Ana survived the emoji purge. 👩‍🔧 Hah, they still look fine, were we always able to copy/paste them. 😍 💥 😜 ✨ 😂 👍 😛 🤘


----------



## DonnyB

velisarius said:


> The possibilities are explained here:
> 
> https://xenforo.com/community/threads/reactions-👍😍🤣😲🙁😡.154898/
> I don't expect Mike is thinking of enabling this feature.


It's so far only been enabled for "conversations".   If you look at one of your conversation messages, at the bottom right there's a "Like" icon which reveals a set of six little emojis by means of which you can 'react' to a message you've received.

The sender then presumably gets a 'reaction received': I think that's how it's designed to work.


----------



## ain'ttranslationfun?

I said earlier that I guessed they were minor points, but I would like to see New Posts on the line at the top of the page (instead of having to perform two operations (clicks) to see them), and You have (X) new alert(s) appear in a box at the bottom left of the page (for about 10-15 seconds) again.
We also have to do two separate clicks to log out.


----------



## Nanon

AndrasBP said:


> What's "reaction score"?


I got this, so I assume I'll definitely need to keep posting:




Edit - x-post with Donny: I'll need to keep conversing.
And nothing against the circular design _per se_, but I am considering changing or resizing my avatar - it looks terrible in a circle.


----------



## Nanon

@mkellogg, re interface language - do we need to report anything, or should we stick to English for the moment?
I just switched to Spanish and I saw this:


----------



## Magazine

Peterdg said:


> See here.




Thanks Peter


----------



## Magazine

sorry, probably stupid question, but I don't seem to be able to find my own threads...there used to be a link to your own threads. 

I tried to make a search for threads opened by magazine...and there you go...back to all threads I participated in. 
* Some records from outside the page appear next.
(* Let $S = \bigoplus_{d\geq 0} S_d$ be a finitely generated graded $\mathbb{C}$-algebra with $S_0 = \mathbb{C}$ and let $V \subseteq S_1$ be a subspace. The rational map $\varphi_V \colon \operatorname{Proj} S \dashrightarrow \mathbb{P}(V^* )$ is an injective morphism if and only if the morphism of affine cones $\widehat{\varphi}_V \colon \operatorname{Spec} S \to V^*$ is injective.
   Context: Both $\varphi_V$ and $\widehat{\varphi}_V$ are induced by the graded ring homomorphism $\operatorname{Sym}^\bullet V \to S$ extending the inclusion $V\subseteq S_1$, where $\mathbb{P}(V^* ) = \operatorname{Proj}\operatorname{Sym}^\bullet V$ and $V^* = \operatorname{Spec}\operatorname{Sym}^\bullet V$. Injectivity is on points. *)

theory Defs
  imports Main "HOL-Library.Complex_Order" Complex_Main
begin

text \<open>A commutative ring 'a is made into a C-algebra through a ring homomorphism
  emb :: complex => 'a.  A grading is a family Sd :: nat => 'a set of homogeneous parts.\<close>

definition finsupp :: "(nat \<Rightarrow> 'a::zero) \<Rightarrow> bool" where
  "finsupp f \<longleftrightarrow> finite {d. f d \<noteq> 0}"

definition hom_decomp :: "(nat \<Rightarrow> 'a::comm_ring_1 set) \<Rightarrow> (nat \<Rightarrow> 'a) \<Rightarrow> bool" where
  "hom_decomp Sd f \<longleftrightarrow> finsupp f \<and> (\<forall>d. f d \<in> Sd d)"

definition hsum :: "(nat \<Rightarrow> 'a::comm_ring_1) \<Rightarrow> 'a" where
  "hsum f = (\<Sum>d\<in>{d. f d \<noteq> 0}. f d)"

definition C_subspace :: "(complex \<Rightarrow> 'a::comm_ring_1) \<Rightarrow> 'a set \<Rightarrow> bool" where
  "C_subspace emb W \<longleftrightarrow> 0 \<in> W \<and> (\<forall>x\<in>W. \<forall>y\<in>W. x + y \<in> W) \<and> (\<forall>c. \<forall>x\<in>W. emb c * x \<in> W)"

definition alg_gen :: "(complex \<Rightarrow> 'a::comm_ring_1) \<Rightarrow> 'a set \<Rightarrow> 'a set" where
  "alg_gen emb G = \<Inter> {T. range emb \<subseteq> T \<and> G \<subseteq> T \<and>
      (\<forall>x\<in>T. \<forall>y\<in>T. x + y \<in> T \<and> x * y \<in> T \<and> - x \<in> T)}"

definition fg_graded_C_algebra ::
  "(complex \<Rightarrow> 'a::comm_ring_1) \<Rightarrow> (nat \<Rightarrow> 'a set) \<Rightarrow> bool" where
  "fg_graded_C_algebra emb Sd \<longleftrightarrow>
     \<comment> \<open>emb is an injective ring homomorphism C -> S\<close>
     emb 1 = 1 \<and> (\<forall>a b. emb (a + b) = emb a + emb b) \<and> (\<forall>a b. emb (a * b) = emb a * emb b)
     \<and> inj emb
     \<comment> \<open>homogeneous parts are C-subspaces, multiplicative grading\<close>
     \<and> (\<forall>d. C_subspace emb (Sd d))
     \<and> (\<forall>d e. \<forall>x\<in>Sd d. \<forall>y\<in>Sd e. x * y \<in> Sd (d + e))
     \<comment> \<open>S is the direct sum of the Sd\<close>
     \<and> (\<forall>x. \<exists>f. hom_decomp Sd f \<and> x = hsum f)
     \<and> (\<forall>f. hom_decomp Sd f \<and> hsum f = 0 \<longrightarrow> (\<forall>d. f d = 0))
     \<comment> \<open>S_0 = C\<close>
     \<and> Sd 0 = range emb
     \<comment> \<open>finitely generated as a C-algebra\<close>
     \<and> (\<exists>G. finite G \<and> alg_gen emb G = UNIV)"

definition is_ideal :: "'a::comm_ring_1 set \<Rightarrow> bool" where
  "is_ideal I \<longleftrightarrow> 0 \<in> I \<and> (\<forall>x\<in>I. \<forall>y\<in>I. x + y \<in> I) \<and> (\<forall>x\<in>I. \<forall>r. r * x \<in> I)"

definition is_prime_ideal :: "'a::comm_ring_1 set \<Rightarrow> bool" where
  "is_prime_ideal P \<longleftrightarrow> is_ideal P \<and> P \<noteq> UNIV \<and> (\<forall>a b. a * b \<in> P \<longrightarrow> a \<in> P \<or> b \<in> P)"

definition Spec_pts :: "'a::comm_ring_1 set set" where
  "Spec_pts = {P. is_prime_ideal P}"

definition homogeneous_ideal :: "(nat \<Rightarrow> 'a::comm_ring_1 set) \<Rightarrow> 'a set \<Rightarrow> bool" where
  "homogeneous_ideal Sd I \<longleftrightarrow> (\<forall>f. hom_decomp Sd f \<and> hsum f \<in> I \<longrightarrow> (\<forall>d. f d \<in> I))"

definition irrelevant_ideal :: "(nat \<Rightarrow> 'a::comm_ring_1 set) \<Rightarrow> 'a set" where
  "irrelevant_ideal Sd = {x. \<exists>f. hom_decomp Sd f \<and> f 0 = 0 \<and> x = hsum f}"

definition Proj_pts :: "(nat \<Rightarrow> 'a::comm_ring_1 set) \<Rightarrow> 'a set set" where
  "Proj_pts Sd = {P. is_prime_ideal P \<and> homogeneous_ideal Sd P \<and> \<not> irrelevant_ideal Sd \<subseteq> P}"

text \<open>The map on points induced by Sym V -> S, expressed as contraction of a prime of S
  to the image subalgebra C[V] of Sym V in S (the map Spec C[V] -> Spec Sym V induced by
  the surjection Sym V -> C[V] is injective, identifying a prime with its preimage).
  The same map on homogeneous primes gives phi_V on the points of Proj S where it is
  defined, namely those P with V not contained in P.\<close>
definition contract_V :: "(complex \<Rightarrow> 'a::comm_ring_1) \<Rightarrow> 'a set \<Rightarrow> 'a set \<Rightarrow> 'a set" where
  "contract_V emb V P = P \<inter> alg_gen emb V"

text \<open>phi_V is an (everywhere defined) morphism and injective on points.\<close>
definition phiV_injective_morphism ::
  "(complex \<Rightarrow> 'a::comm_ring_1) \<Rightarrow> (nat \<Rightarrow> 'a set) \<Rightarrow> 'a set \<Rightarrow> bool" where
  "phiV_injective_morphism emb Sd V \<longleftrightarrow>
     (\<forall>P\<in>Proj_pts Sd. \<not> V \<subseteq> P) \<and> inj_on (contract_V emb V) (Proj_pts Sd)"

definition phiV_hat_injective :: "(complex \<Rightarrow> 'a::comm_ring_1) \<Rightarrow> 'a set \<Rightarrow> bool" where
  "phiV_hat_injective emb V \<longleftrightarrow> inj_on (contract_V emb V) Spec_pts"

end

theory Submission
  imports Defs "HOL-Computational_Algebra.Fundamental_Theorem_Algebra"
    "HOL-Analysis.Continuum_Not_Denumerable"
begin
(* Let $a,b\in\mathbb{R}$ with $b\neq0$, $T>0$, $h\in(0,1)$, and let $m_\Lambda[n]=\exp\!\big(\jmath\,\frac{a}{2b}(nTh)^2\big)$ for $n\in\mathbb{Z}$. Let $u=(u[n])_{n\in\mathbb{Z}}$ be the state sequence of the first-order $\Lambda\Sigma\Delta$ scheme $$u[n]=g[n]-q_{\Lambda}[n]+e^{-\jmath\frac{a(2n-1)(Th)^2}{2b}}u[n-1],\qquad q_{\Lambda}[n]=\operatorname{csgn}\!\Big(e^{-\jmath\frac{a(2n-1)(Th)^2}{2b}}u[n-1]+g[n]\Big),$$ driven by samples $g[n]=g(nTh)$ of a signal $g$ bandlimited to $[-\Omega,\Omega]$ in the LCT domain with $|g|\le1$, where the states satisfy $|\operatorname{Re}(u[n])|<1$ and $|\operatorname{Im}(u[n])|<1$ for all $n\in\mathbb{Z}$. Let $\varphi:\mathbb{R}\to\mathbb{C}$ be continuously differentiable with $\varphi'\in L^1(\mathbb{R})$ and $\sum_{n\in\mathbb{Z}}|\varphi(x-nh)|<\infty$ for every $x\in\mathbb{R}$. Define $\tilde u[n]=m_\Lambda[n]u[n]$, $v[n]=\delta[n]-\delta[n-1]$, and $$e(t)=h\,e^{-\jmath\frac{a t^2}{2b}}\sum_{n\in\mathbb{Z}}(\tilde u* v)[n]\,\varphi\!\Big(\frac{t}{T}-nh\Big),\qquad t\in\mathbb{R}.$$ Then for all $t\in\mathbb{R}$, $$|e(t)|\le h\sqrt{2}\,\|\varphi'\|_{L^1}.$$
   Context: $\jmath$ is the imaginary unit; $*$ denotes discrete convolution, so $(\tilde u*v)[n]=\tilde u[n]-\tilde u[n-1]$; $\delta$ is the Kronecker delta. $\operatorname{csgn}(z)=\operatorname{sgn}(\operatorname{Re}z)+\jmath\operatorname{sgn}(\operatorname{Im}z)$ with $\operatorname{sgn}$ taking values $\pm1$. $e(t)$ is the approximation error $g(t)-\tilde g(t)$ of the reconstruction $\tilde g(t)=h\,e^{-\jmath\frac{at^2}{2b}}\sum_n m_\Lambda[n]q_\Lambda[n]\varphi(\frac tT-nh)$ with low-pass kernel $\varphi$ of bandwidth $\Omega$, and $T=\pi b/\Omega$. The Linear Canonical Transform has parameter matrix $\Lambda=\begin{bmatrix}a&b\\c&d\end{bmatrix}$, $ad-bc=1$. *)

theory Defs
  imports "HOL-Analysis.Analysis"
begin

definition sgnpm :: "real \<Rightarrow> real" where
  "sgnpm x = (if x \<ge> 0 then 1 else -1)"

definition csgn :: "complex \<Rightarrow> complex" where
  "csgn z = complex_of_real (sgnpm (Re z)) + \<i> * complex_of_real (sgnpm (Im z))"

definition chirp_mod :: "real \<Rightarrow> real \<Rightarrow> real \<Rightarrow> real \<Rightarrow> int \<Rightarrow> complex" where
  "chirp_mod a b T h n = exp (\<i> * complex_of_real (a / (2*b) * (real_of_int n * T * h)^2))"

definition lsd_phase :: "real \<Rightarrow> real \<Rightarrow> real \<Rightarrow> real \<Rightarrow> int \<Rightarrow> complex" where
  "lsd_phase a b T h n = exp (- \<i> * complex_of_real (a * (2 * real_of_int n - 1) * (T*h)^2 / (2*b)))"

text \<open>Linear canonical transform kernel (up to the constant normalisation) for
  parameters (a,b,c,d), b \<noteq> 0.\<close>
definition lct_kernel :: "real \<Rightarrow> real \<Rightarrow> real \<Rightarrow> real \<Rightarrow> real \<Rightarrow> complex" where
  "lct_kernel a b d t \<omega> =
     exp (\<i> * complex_of_real (a * t^2 / (2*b) - \<omega> * t / b + d * \<omega>^2 / (2*b)))"

definition lct_bandlimited :: "real \<Rightarrow> real \<Rightarrow> real \<Rightarrow> real \<Rightarrow> real \<Rightarrow> (real \<Rightarrow> complex) \<Rightarrow> bool" where
  "lct_bandlimited a b c d \<Omega> g \<longleftrightarrow>
     (\<exists>G :: real \<Rightarrow> complex. set_integrable lborel {-\<Omega>..\<Omega>} G \<and>
        (\<forall>t. g t = (LINT \<omega>:{-\<Omega>..\<Omega>}|lborel. G \<omega> * cnj (lct_kernel a b d t \<omega>))))"

definition lsd_scheme :: "real \<Rightarrow> real \<Rightarrow> real \<Rightarrow> real \<Rightarrow> (real \<Rightarrow> complex)
    \<Rightarrow> (int \<Rightarrow> complex) \<Rightarrow> (int \<Rightarrow> complex) \<Rightarrow> bool" where
  "lsd_scheme a b T h g u q \<longleftrightarrow>
     (\<forall>n::int.
        q n = csgn (lsd_phase a b T h n * u (n-1) + g (real_of_int n * T * h)) \<and>
        u n = g (real_of_int n * T * h) - q n + lsd_phase a b T h n * u (n-1))"

text \<open>Error e(t) = h e^{-i a t^2/(2b)} sum_n (u~ * v)[n] phi(t/T - n h),
  with u~ = m_Lambda u and (u~ * v)[n] = u~[n] - u~[n-1].\<close>
definition lsd_error :: "real \<Rightarrow> real \<Rightarrow> real \<Rightarrow> real \<Rightarrow> (int \<Rightarrow> complex)
    \<Rightarrow> (real \<Rightarrow> complex) \<Rightarrow> real \<Rightarrow> complex" where
  "lsd_error a b T h u \<phi> t =
     complex_of_real h * exp (- \<i> * complex_of_real (a * t^2 / (2*b))) *
     (\<Sum>\<^sub>\<infinity>n::int. (chirp_mod a b T h n * u n - chirp_mod a b T h (n-1) * u (n-1))
                     * \<phi> (t / T - real_of_int n * h))"

end

theory Submission
  imports Defs
begin

(* Summation by parts moves the difference operator from the modulated states w = m_Lambda u onto
   the kernel samples: sum_n (w[n] - w[n-1]) phi(x - nh) = sum_n w[n] (phi(x - nh) - phi(x - (n+1)h)).
   The chirp is unimodular and |Re u|, |Im u| < 1, so |w[n]| <= sqrt 2. By the fundamental theorem
   of calculus each kernel difference is at most the integral of |phi'| over an interval of length h,
   and these intervals are disjoint, so the differences sum to at most the L1 norm of phi'. *)

lemma norm_le_sqrt2_if_abs_Re_Im_le_1:
  fixes z :: complex
  assumes "\<bar>Re z\<bar> \<le> 1" and "\<bar>Im z\<bar> \<le> 1"
  shows "norm z \<le> sqrt 2"
proof -
  have "(Re z)\<^sup>2 \<le> 1" "(Im z)\<^sup>2 \<le> 1"
    using assms by (simp_all add: abs_square_le_1)
  then show ?thesis
    unfolding cmod_def by (intro real_sqrt_le_mono) simp
qed

lemma infsum_summation_by_parts_int:
  fixes w f :: "int \<Rightarrow> 'a::{ring, topological_ab_group_add, t2_space}"
  assumes wf: "(\<lambda>n. w n * f n) summable_on UNIV"
    and wf_shift: "(\<lambda>n. w n * f (n + 1)) summable_on UNIV"
  shows "(\<Sum>\<^sub>\<infinity>n. (w n - w (n - 1)) * f n) = (\<Sum>\<^sub>\<infinity>n. w n * (f n - f (n + 1)))"
proof -
  let ?S = "\<Sum>\<^sub>\<infinity>n. w n * f n" and ?S' = "\<Sum>\<^sub>\<infinity>n. w n * f (n + 1)"
  have shift: "bij_betw (\<lambda>n::int. n - 1) UNIV UNIV"
    by (rule bij_betwI[where g = "\<lambda>n. n + 1"]) auto
  have diff: "((\<lambda>n. g n - k n) has_sum a - b) UNIV"
    if "(g has_sum a) UNIV" and "(k has_sum b) UNIV" for g k :: "int \<Rightarrow> 'a" and a b
    using has_sum_add[OF that(1), of "\<lambda>n. - k n" "- b"] has_sum_uminus[of k UNIV "- b"] that(2)
    by simp
  have "((\<lambda>n. w (n - 1) * f (n - 1 + 1)) has_sum ?S') UNIV"
    using has_sum_reindex_bij_betw[OF shift, of "\<lambda>n. w n * f (n + 1)"] wf_shift by simp
  then have "((\<lambda>n. w n * f n - w (n - 1) * f n) has_sum ?S - ?S') UNIV"
    by (intro diff has_sum_infsum[OF wf]) simp
  moreover have "((\<lambda>n. w n * f n - w n * f (n + 1)) has_sum ?S - ?S') UNIV"
    by (intro diff has_sum_infsum wf wf_shift)
  ultimately show ?thesis
    by (simp add: infsumI algebra_simps)
qed

lemma norm_infsum_summation_by_parts_le:
  fixes w f :: "int \<Rightarrow> 'a::{banach, real_normed_algebra}"
  assumes w_bound: "\<And>n. norm (w n) \<le> B"
    and f_summable: "(\<lambda>n. norm (f n)) summable_on UNIV"
  shows "norm (\<Sum>\<^sub>\<infinity>n. (w n - w (n - 1)) * f n) \<le> B * (\<Sum>\<^sub>\<infinity>n. norm (f n - f (n + 1)))"
proof -
  have norm_mult_le: "norm (w n * x) \<le> B * norm x" for n x
    by (meson norm_ge_zero mult_right_mono norm_mult_ineq order_trans w_bound)
  have shift: "bij_betw (\<lambda>n::int. n + 1) UNIV UNIV"
    by (rule bij_betwI[where g = "\<lambda>n. n - 1"]) auto
  have f_shift_summable: "(\<lambda>n. norm (f (n + 1))) summable_on UNIV"
    using summable_on_reindex_bij_betw[OF shift, of "\<lambda>n. norm (f n)"] f_summable by simp
  have diff_summable: "(\<lambda>n. norm (f n - f (n + 1))) summable_on UNIV"
    by (rule Infinite_Sum.abs_summable_on_comparison_test'[OF summable_on_add[OF f_summable f_shift_summable]])
      (simp add: norm_triangle_ineq4)
  have weighted_norm: "(\<lambda>n. norm (w n * g n)) summable_on UNIV"
    if "(\<lambda>n. norm (g n)) summable_on UNIV" for g :: "int \<Rightarrow> 'a"
    by (rule Infinite_Sum.abs_summable_on_comparison_test'[OF summable_on_cmult_right[OF that]])
      (rule norm_mult_le)
  have "norm (\<Sum>\<^sub>\<infinity>n. (w n - w (n - 1)) * f n) = norm (\<Sum>\<^sub>\<infinity>n. w n * (f n - f (n + 1)))"
    by (simp add: infsum_summation_by_parts_int abs_summable_summable weighted_norm
        f_summable f_shift_summable)
  also have "\<dots> \<le> (\<Sum>\<^sub>\<infinity>n. norm (w n * (f n - f (n + 1))))"
    by (intro norm_infsum_bound weighted_norm diff_summable)
  also have "\<dots> \<le> (\<Sum>\<^sub>\<infinity>n. B * norm (f n - f (n + 1)))"
    by (intro infsum_mono weighted_norm diff_summable summable_on_cmult_right norm_mult_le)
  also have "\<dots> = B * (\<Sum>\<^sub>\<infinity>n. norm (f n - f (n + 1)))"
    by (rule infsum_cmult_right[OF diff_summable])
  finally show ?thesis .
qed

lemma norm_diff_le_set_integral_norm_deriv:
  fixes p p' :: "real \<Rightarrow> 'a::euclidean_space"
  assumes "c \<le> d"
    and "\<And>x. x \<in> {c..d} \<Longrightarrow> (p has_vector_derivative p' x) (at x within {c..d})"
    and "continuous_on {c..d} p'"
  shows "norm (p d - p c) \<le> (LINT y:{c<..<d}|lborel. norm (p' y))"
proof -
  have "p d - p c = (LBINT y=ereal c..ereal d. p' y)"
    using assms by (intro interval_integral_FTC_finite[symmetric]) auto
  also have "\<dots> = (LINT y:{c<..<d}|lborel. p' y)"
    using assms(1) by (simp add: interval_integral_Ioo)
  finally have "p d - p c = (LINT y:{c<..<d}|lborel. p' y)" .
  moreover have "set_integrable lborel {c<..<d} p'"
    by (rule set_integrable_subset[OF borel_integrable_atLeastAtMost'[OF assms(3)]]) auto
  ultimately show ?thesis
    by (simp add: set_integral_norm_bound)
qed

lemma disjoint_family_grid_intervals:
  fixes x h :: real
  shows "disjoint_family (\<lambda>n::int. {x - (real_of_int n + 1) * h <..< x - real_of_int n * h})"
  unfolding disjoint_family_on_def
proof (intro ballI impI, rule ccontr)
  fix m n :: int
  assume "m \<noteq> n" and "{x - (real_of_int m + 1) * h <..< x - real_of_int m * h} \<inter>
      {x - (real_of_int n + 1) * h <..< x - real_of_int n * h} \<noteq> {}"
  then obtain y where "y \<in> {x - (real_of_int m + 1) * h <..< x - real_of_int m * h}"
      "y \<in> {x - (real_of_int n + 1) * h <..< x - real_of_int n * h}"
    by blast
  then have neg: "(real_of_int m - real_of_int n - 1) * h < 0" "(real_of_int n - real_of_int m - 1) * h < 0"
    by (auto simp: algebra_simps)
  then have "0 < h"
    unfolding left_diff_distrib by linarith
  moreover have "0 \<le> real_of_int m - real_of_int n - 1 \<or> 0 \<le> real_of_int n - real_of_int m - 1"
    using \<open>m \<noteq> n\<close> by linarith
  ultimately show False
    using neg by (meson less_imp_le mult_nonneg_nonneg not_le)
qed

lemma sum_set_integral_disjoint_le_integral:
  fixes f :: "'b \<Rightarrow> real"
  assumes "finite I" and "disjoint_family_on A I" and "\<And>i. i \<in> I \<Longrightarrow> A i \<in> sets M"
    and "integrable M f" and "\<And>x. 0 \<le> f x"
  shows "(\<Sum>i\<in>I. LINT x:A i|M. f x) \<le> integral\<^sup>L M f"
proof -
  have integrable_on: "set_integrable M S f" if "S \<in> sets M" for S
    unfolding set_integrable_def using that assms(4) by (rule integrable_mult_indicator)
  have "AE x in M. x \<in> A i \<and> x \<in> A j \<longrightarrow> i = j" if "i \<in> I" "j \<in> I" for i j
    using assms(2) that by (intro AE_I2) (auto simp: disjoint_family_on_def)
  then have "(\<Sum>i\<in>I. LINT x:A i|M. f x) = (LINT x:(\<Union>i\<in>I. A i)|M. f x)"
    by (intro set_integral_finite_UN_AE[symmetric] assms(1,3) integrable_on)
  also have "\<dots> \<le> integral\<^sup>L M f"
    unfolding set_lebesgue_integral_def
    using assms(1,3) by (intro integral_mono integrable_on[unfolded set_integrable_def] assms(4))
      (auto simp: assms(5) indicator_def)
  finally show ?thesis .
qed

lemma infsum_norm_diff_samples_le_integral_norm_deriv:
  fixes \<phi> \<phi>' :: "real \<Rightarrow> 'a::euclidean_space" and x h :: real
  assumes "0 \<le> h"
    and deriv: "\<And>y. (\<phi> has_vector_derivative \<phi>' y) (at y)"
    and "continuous_on UNIV \<phi>'" and "integrable lborel \<phi>'"
  shows "(\<Sum>\<^sub>\<infinity>n::int. norm (\<phi> (x - real_of_int n * h) - \<phi> (x - real_of_int (n + 1) * h)))
    \<le> (\<integral>y. norm (\<phi>' y) \<partial>lborel)"
proof -
  let ?I = "\<lambda>n::int. {x - (real_of_int n + 1) * h <..< x - real_of_int n * h}"
  let ?d = "\<lambda>n::int. norm (\<phi> (x - real_of_int n * h) - \<phi> (x - real_of_int (n + 1) * h))"
  have finite_bound: "sum ?d F \<le> (\<integral>y. norm (\<phi>' y) \<partial>lborel)" if "finite F" for F
  proof -
    have "sum ?d F \<le> (\<Sum>n\<in>F. LINT y:?I n|lborel. norm (\<phi>' y))"
    proof (rule sum_mono)
      fix n
      have "norm (\<phi> (x - real_of_int n * h) - \<phi> (x - (real_of_int n + 1) * h))
          \<le> (LINT y:?I n|lborel. norm (\<phi>' y))"
        using assms(1) deriv[THEN has_vector_derivative_at_within]
        by (intro norm_diff_le_set_integral_norm_deriv continuous_on_subset[OF assms(3)])
            (auto simp: algebra_simps)
      then show "?d n \<le> (LINT y:?I n|lborel. norm (\<phi>' y))"
        by simp
    qed
    also have "\<dots> \<le> (\<integral>y. norm (\<phi>' y) \<partial>lborel)"
      by (rule sum_set_integral_disjoint_le_integral[OF that
            disjoint_family_on_mono[OF subset_UNIV disjoint_family_grid_intervals]])
        (simp_all add: integrable_norm[OF assms(4)])
    finally show ?thesis .
  qed
  have "?d summable_on UNIV"
    by (rule nonneg_bdd_above_summable_on) (simp, rule bdd_aboveI2, rule finite_bound, simp)
  then show ?thesis
    by (rule infsum_le_finite_sums) (rule finite_bound)
qed

theorem mainTheorem2:
  fixes a b c d T h \<Omega> :: real
    and g :: "real \<Rightarrow> complex"
    and u q :: "int \<Rightarrow> complex"
    and \<phi> \<phi>' :: "real \<Rightarrow> complex"
  assumes "b \<noteq> 0" and "a * d - b * c = 1"
    and "T > 0" and "0 < h" and "h < 1" and "\<Omega> > 0"
    and "lct_bandlimited a b c d \<Omega> g"
    and "\<forall>t. norm (g t) \<le> 1"
    and "lsd_scheme a b T h g u q"
    and "\<forall>n. \<bar>Re (u n)\<bar> < 1 \<and> \<bar>Im (u n)\<bar> < 1"
    and "\<forall>x. (\<phi> has_vector_derivative \<phi>' x) (at x)"
    and "continuous_on UNIV \<phi>'"
    and "integrable lborel \<phi>'"
    and "\<forall>x. (\<lambda>n::int. norm (\<phi> (x - real_of_int n * h))) summable_on UNIV"
  shows "\<forall>t. norm (lsd_error a b T h u \<phi> t) \<le> h * sqrt 2 * (\<integral>x. norm (\<phi>' x) \<partial>lborel)"
proof
  fix t :: real
  define f where "f n = \<phi> (t / T - real_of_int n * h)" for n :: int
  define w where "w n = chirp_mod a b T h n * u n" for n :: int
  have w_bound: "norm (w n) \<le> sqrt 2" for n
    using norm_le_sqrt2_if_abs_Re_Im_le_1[of "u n"] assms(10)
    by (simp add: w_def chirp_mod_def norm_mult less_imp_le)
  have chirp_unimodular: "norm (exp (- \<i> * complex_of_real (a * t\<^sup>2 / (2 * b)))) = 1"
    using norm_exp_i_times[of "- (a * t\<^sup>2 / (2 * b))"] by simp
  have "norm (lsd_error a b T h u \<phi> t) = h * norm (\<Sum>\<^sub>\<infinity>n. (w n - w (n - 1)) * f n)"
    using assms(4) chirp_unimodular by (simp add: lsd_error_def w_def f_def norm_mult)
  also have "\<dots> \<le> h * (sqrt 2 * (\<Sum>\<^sub>\<infinity>n. norm (f n - f (n + 1))))"
    using norm_infsum_summation_by_parts_le[OF w_bound, of f] assms(4,14)
    by (intro mult_left_mono) (simp_all add: f_def)
  also have "\<dots> \<le> h * (sqrt 2 * (\<integral>x. norm (\<phi>' x) \<partial>lborel))"
    using infsum_norm_diff_samples_le_integral_norm_deriv[of h \<phi> \<phi>' "t / T"] assms(4,11-13)
    by (intro mult_left_mono) (simp_all add: f_def)
  finally show "norm (lsd_error a b T h u \<phi> t) \<le> h * sqrt 2 * (\<integral>x. norm (\<phi>' x) \<partial>lborel)"
    by (simp add: mult.assoc)
qed

end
Oh, by the way, my friend from good old Michigan, hopeless mobile freak, that the forum looks really good on the LG V30. He is running the _android pye operating system_ (whatever that is....he is dictating  ) , and the page looks really nice and modern. I guess this was what you were looking for.
He is saying that "Kudos to the web designer"...and he is sorry that it doesn't look good on the _good old vacuum tube computers_...like mine


----------



## MiguelitOOO

Magazine said:


> I don't seem to be able to find my own threads...


----------



## Magazine

Thanks miguel, eso ha sido complicadísimo de ver   Vaya burro..yo, no tú, claro


----------



## mkellogg

Nanon said:


> re interface language - do we need to report anything, or should we stick to English for the moment?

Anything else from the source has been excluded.